The choice of accepting or rejecting the testimony of witnesses rests with the administrative agency, and where such choice is reasonably made, it is conclusive on appeal. We canvass the record, not to balance the persuasiveness of the evidence on one side as against the other, but in order to determine whether a reasonable mind might accept the evidence *247 as adequate to support the conclusion and, if so, to sustain it. Hornauer, above, 40 N.J. Super., at page 506.

Appellants do not challenge the reasonableness of the "apparently intoxicated" provision of either of the agency rules in question. There was conflicting evidence as to whether Johnson, the drummer, was apparently intoxicated. The two agents who investigated the licensed premises said he was; Johnson, as well as the pianist who was employed at the premises, the bartender, and one of the licensees said that he was not. After weighing the evidence, the Director decided not to accept as believable the testimony of appellants' witnesses. We do not find the decision arbitrary or capricious; his findings are supported by substantial evidence.
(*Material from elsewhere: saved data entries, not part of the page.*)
text \<open>Identity theorem: near 0 the lowest nonzero term dominates the rest of the series.\<close>

lemma entire_fps_eval_eq_0_imp_eq_0:
  assumes F: "entire_fps F" and zero: "\<And>z. eval_fps F z = 0"
  shows "F = 0"
proof (rule ccontr)
  assume "F \<noteq> 0"
  define k where "k = subdegree F"
  have Fk: "F $ k \<noteq> 0" using \<open>F \<noteq> 0\<close> unfolding k_def by simp
  define M where "M = mu_ent absv 1 (fps_nth F)"
  have M: "0 \<le> M" unfolding M_def by (rule mu_ent_nonneg[OF F]) simp
  have "0 < min 1 (absv (F $ k) / (M + 1))" using Fk M by simp
  then obtain z where z: "z \<noteq> 0" "absv z < min 1 (absv (F $ k) / (M + 1))"
    using exists_absv_small by blast
  have "M * absv z < absv (F $ k)"
  proof -
    have "(M + 1) * absv z < absv (F $ k)" using z M by (simp add: pos_less_divide_eq mult.commute)
    then show ?thesis using absv_nonneg[of z] unfolding distrib_right by linarith
  qed
  then have "M * absv z ^ Suc k < absv (F $ k * z ^ k)"
    using z by (simp add: mult.assoc[symmetric] mult_strict_right_mono)
  moreover have "absv (eval_fps F z - F $ k * z ^ k) \<le> M * absv z ^ Suc k"
    unfolding M_def using z by (intro absv_eval_ps_minus_lowest_term_le[OF F]) (auto simp: k_def)
  ultimately have "absv (F $ k * z ^ k + (eval_fps F z - F $ k * z ^ k)) = absv (F $ k * z ^ k)"
    by (intro absv_add_eq_dominant) simp
  then show False using zero[of z] Fk z by simp
qed

lemma entire_fps_eval_inject:
  assumes "entire_fps F" "entire_fps G" "\<And>z. eval_fps F z = eval_fps G z"
  shows "F = G"
  using entire_fps_eval_eq_0_imp_eq_0[OF entire_fps_diff[OF assms(1,2)]]
  by (simp add: eval_fps_diff assms)

section \<open>Affine substitution\<close>

text \<open>The coefficients of z \<mapsto> F(a z + b), obtained by expanding each (a z + b)^n binomially
  and collecting powers of z.\<close>

definition affine_comp_fps :: "'a \<Rightarrow> 'a \<Rightarrow> 'a fps \<Rightarrow> 'a fps" where
  "affine_comp_fps a b F =
     Abs_fps (\<lambda>k. a ^ k * series_sum (\<lambda>n. F $ n * of_nat (n choose k) * b ^ (n - k)))"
It is suggested that the Division agents could not have positively determined that Johnson was apparently intoxicated. We have held that the average witness of ordinary intelligence, although lacking special skill, knowledge and experience, but who has had the opportunity of observation, may testify whether a person was sober or intoxicated. State v. Guerrido, 60 N.J. Super. 505, 511 (App. Div. 1960); State v. Pichadou, 34 N.J. Super. 177, 180-1 (App. Div. 1955). As our highest court said almost a century ago, it is "the constant and established practice" to permit lay opinion evidence on the question of intoxication. Castner v. Sliker, 33 N.J.L. 507, 509-510 (E. & A. 1869). The agents here were, at the very least, average witnesses of ordinary intelligence, who had many times in the course of their investigations undoubtedly had the opportunity to observe whether certain persons were sober or intoxicated.
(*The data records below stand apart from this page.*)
lemma log_deriv_geom: "log_deriv (geom v) (geom1 v)"
proof -
  define D where "D = fps_X * fps_deriv (geom v)"
  have "fps_deriv (lin v * geom v) = 0" by (simp add: lin_geom)
  then have "fps_X * (lin v * fps_deriv (geom v) + fps_deriv (lin v) * geom v) = 0" by simp
  then have "lin v * D + (fps_X * fps_deriv (lin v)) * geom v = 0"
    by (simp add: D_def algebra_simps)
  then have "lin v * D = lin v * geom1 v * geom v"
    using log_deriv_lin[of v] unfolding log_deriv_def by (simp add: algebra_simps add_eq_0_iff)
  then have "(lin v * geom v) * D = (lin v * geom v) * (geom1 v * geom v)" by (simp add: algebra_simps)
  then have "D = geom1 v * geom v" by (simp add: lin_geom)
  then show ?thesis by (simp add: log_deriv_def D_def mult.commute)
qed

text \<open>The generating function N(z) = sum_k moment_k z^k = sum_a pi_a / (1 - x_a z) equals
  prod_b (1 - y_b z) / prod_a (1 - x_a z); its X-logarithmic derivative is therefore
  sum_a x_a z/(1 - x_a z) - sum_b y_b z/(1 - y_b z) = sum_{j >= 1} q_j z^j.\<close>
lemma moment_series_log_deriv:
  assumes y: "young la" and th: "th \<ge> 0"
  shows "log_deriv (\<Sum>a\<in>addable_rows la. fps_const (pi_up th la a) * geom (xK th la a))
           ((\<Sum>a\<in>addable_rows la. geom1 (xK th la a)) + (\<Sum>b\<in>removable_rows la. - geom1 (yK th la b)))"
proof -
  define A where "A = addable_rows la"
  define R where "R = removable_rows la"
  define N where "N = (\<Sum>a\<in>A. fps_const (pi_up th la a) * geom (xK th la a))"
  have fA: "finite A" and fR: "finite R" by (simp_all add: A_def R_def finite_addable finite_removable)
  define M where "M = (\<Prod>b\<in>R. lin (yK th la b)) * (\<Prod>a\<in>A. geom (xK th la a))"
  define B where "B = (\<Prod>a\<in>A. lin (xK th la a))"
  have log_M: "log_deriv M ((\<Sum>b\<in>R. - geom1 (yK th la b)) + (\<Sum>a\<in>A. geom1 (xK th la a)))"
    unfolding M_def by (intro log_deriv_mult log_deriv_prod fA fR log_deriv_lin log_deriv_geom)
  have BM: "B * M = (\<Prod>b\<in>R. lin (yK th la b))"
  proof -
    have "B * M = (\<Prod>b\<in>R. lin (yK th la b)) * (\<Prod>a\<in>A. lin (xK th la a) * geom (xK th la a))"
      by (simp add: B_def M_def prod.distrib algebra_simps)
    then show ?thesis by (simp add: lin_geom)
  qed
  have BN: "B * N = (\<Prod>b\<in>R. lin (yK th la b))"
  proof -
    have "B * N = (\<Sum>a\<in>A. fps_const (pi_up th la a) * (B * geom (xK th la a)))"
      by (simp add: N_def sum_distrib_left algebra_simps)
    also have "\<dots> = (\<Sum>a\<in>A. fps_const (pi_up th la a) * (\<Prod>c\<in>A - {a}. lin (xK th la c)))"
    proof (rule sum.cong[OF refl])
      fix a assume "a \<in> A"
      then have "B * geom (xK th la a)
          = (lin (xK th la a) * geom (xK th la a)) * (\<Prod>c\<in>A - {a}. lin (xK th la c))"
        unfolding B_def using fA by (simp add: prod.remove algebra_simps)
      then show "fps_const (pi_up th la a) * (B * geom (xK th la a)) =
        fps_const (pi_up th la a) * (\<Prod>c\<in>A - {a}. lin (xK th la c))" by (simp add: lin_geom)
    qed
    also have "\<dots> = fps_of_poly (\<Sum>a\<in>addable_rows la. smult (pi_up th la a)
            (\<Prod>c\<in>addable_rows la - {a}. [:1, - xK th la c:]))"
      by (simp add: fps_of_poly_sum fps_of_poly_smult fps_of_poly_prod fps_of_poly_lin A_def)
    also have "\<dots> = (\<Prod>b\<in>R. lin (yK th la b))"
      by (simp add: lagrange_w[OF y th] fps_of_poly_prod fps_of_poly_lin R_def)
    finally show ?thesis .
  qed
  have "B $ 0 = 1"
    unfolding B_def using fA by (induction A rule: finite_induct) (auto simp: lin_def)
  then have "B \<noteq> 0" by auto
  then have "M = N" using BM BN mult_left_cancel[of B M N] by simp
  then show ?thesis using log_M by (simp add: N_def A_def R_def add.commute)
qed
The testimony of the agents established the well-recognized indicia of observable manifestations of intoxication; their description of Johnson's person, speech, gait and deportment led inevitably to the finding of apparent intoxication. Additionally, Johnson admitted to having had at least five drinks of gin in a period of less than two hours. As was said in State v. Pichadou, above, experience indicates that such witnesses do not exaggerate their estimates.

*248 Appellants allege that the testimony given by the agents, who had initially visited the licensed premises on a complaint that it was "an alleged hangout for females who solicit males for immoral purposes," stemmed from a desire to satisfy their "power urge," because they had found no evidence of the activity they had hoped to find and punish.